The kiss was measured, yet prompt; needing yet wanting, fearful yet bold. When at last she pushed me away, tenderly, I could feel the reproach all over. I knew I had lost it,
just like that
.

She shimmied on her bikinis and started towards the house. I prayed to God she was not doing what I was thinking.

Cor blimey! She was doing it. She was going to my house.

We started kissing again the minute we entered the house.

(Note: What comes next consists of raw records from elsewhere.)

lemma not_hausdorff_moment_seq_two_complex_pairs:
  fixes c d c\<^sub>1 d\<^sub>1 :: real
  assumes c: "c < 0" "c\<^sub>1 < 0" and d: "d > 0" "d\<^sub>1 > 0"
  shows "\<not> hausdorff_moment_seq (\<lambda>n. 1 / (((real n - c)^2 + d^2) * ((real n - c\<^sub>1)^2 + d\<^sub>1^2)))"
proof -
  have shift: "(x - a)^2 + b^2 = x^2 + (- 2 * a) * x + (a^2 + b^2)" for x a b :: real
    by (simp add: power2_diff algebra_simps)
  have Re_roots: "Re z = a"
    if "z^2 + of_real (- 2 * a) * z + of_real (a^2 + b^2) = 0" "b > 0" for z :: complex and a b :: real
    using that by (intro monic_quadratic_complex_pair_roots) auto
  consider "c\<^sub>1 < c" | "c < c\<^sub>1" | "c\<^sub>1 = c" "d = d\<^sub>1" | "c\<^sub>1 = c" "d < d\<^sub>1" | "c\<^sub>1 = c" "d\<^sub>1 < d"
    by linarith
  then show ?thesis
  proof cases
    case 1
    have "\<not> hausdorff_moment_seq
        (\<lambda>n. 1 / (((real n - c)^2 + d^2) * ((real n)^2 + (- 2 * c\<^sub>1) * real n + (c\<^sub>1^2 + d\<^sub>1^2))))"
      using Re_roots[OF _ d(2)] 1 by (intro not_hausdorff_moment_seq_dominant_pair[OF c(1) d(1)]) simp
    then show ?thesis by (simp only: shift not_False_eq_True)
  next
    case 2
    have "\<not> hausdorff_moment_seq
        (\<lambda>n. 1 / (((real n - c\<^sub>1)^2 + d\<^sub>1^2) * ((real n)^2 + (- 2 * c) * real n + (c^2 + d^2))))"
      using Re_roots[OF _ d(1)] 2 by (intro not_hausdorff_moment_seq_dominant_pair[OF c(2) d(2)]) simp
    then show ?thesis by (simp only: shift mult.commute not_False_eq_True)
  next
    case 3
    then show ?thesis using not_hausdorff_moment_seq_repeated_pair[OF c(1) d(1)] by simp
  next
    case 4
    then show ?thesis using not_hausdorff_moment_seq_equal_real_parts[OF c(1) d(1)] by simp
  next
    case 5
    then show ?thesis
      using not_hausdorff_moment_seq_equal_real_parts[OF c(1) d(2)] by (simp add: mult.commute)
  qed
qed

I felt her sigh and lean her head against my neck. She trembled again and her legs parted slowly against mine as we kissed again. I felt she was aware of herself as I was of myself. I felt myself tumescent and grow hard against her stomach. A craving for what I had not had for over a year now almost electrocuted me. It was as though it was electricity passing through me. I carried her to the bedroom as though she were a two-year-old toddler. The queen size canopied bed took her without complain. I scraped off the wet bikinis and got away with my briefs at the same time. No foreplay, no silly games. It was straight to congress.

I was on top of her. She was the finest satin sheet I had ever lied upon. I felt her legs part slowly and I knew that she was already ready for our first time together. I directed myself into her. Her orifice of pleasure was so tight that I rained salt to pass through. She swung her hips, arched her back up, opened her legs wider and at last I broke the barricade to her womanhood. I felt the dam burst from me inside her and I knew I was done. At last.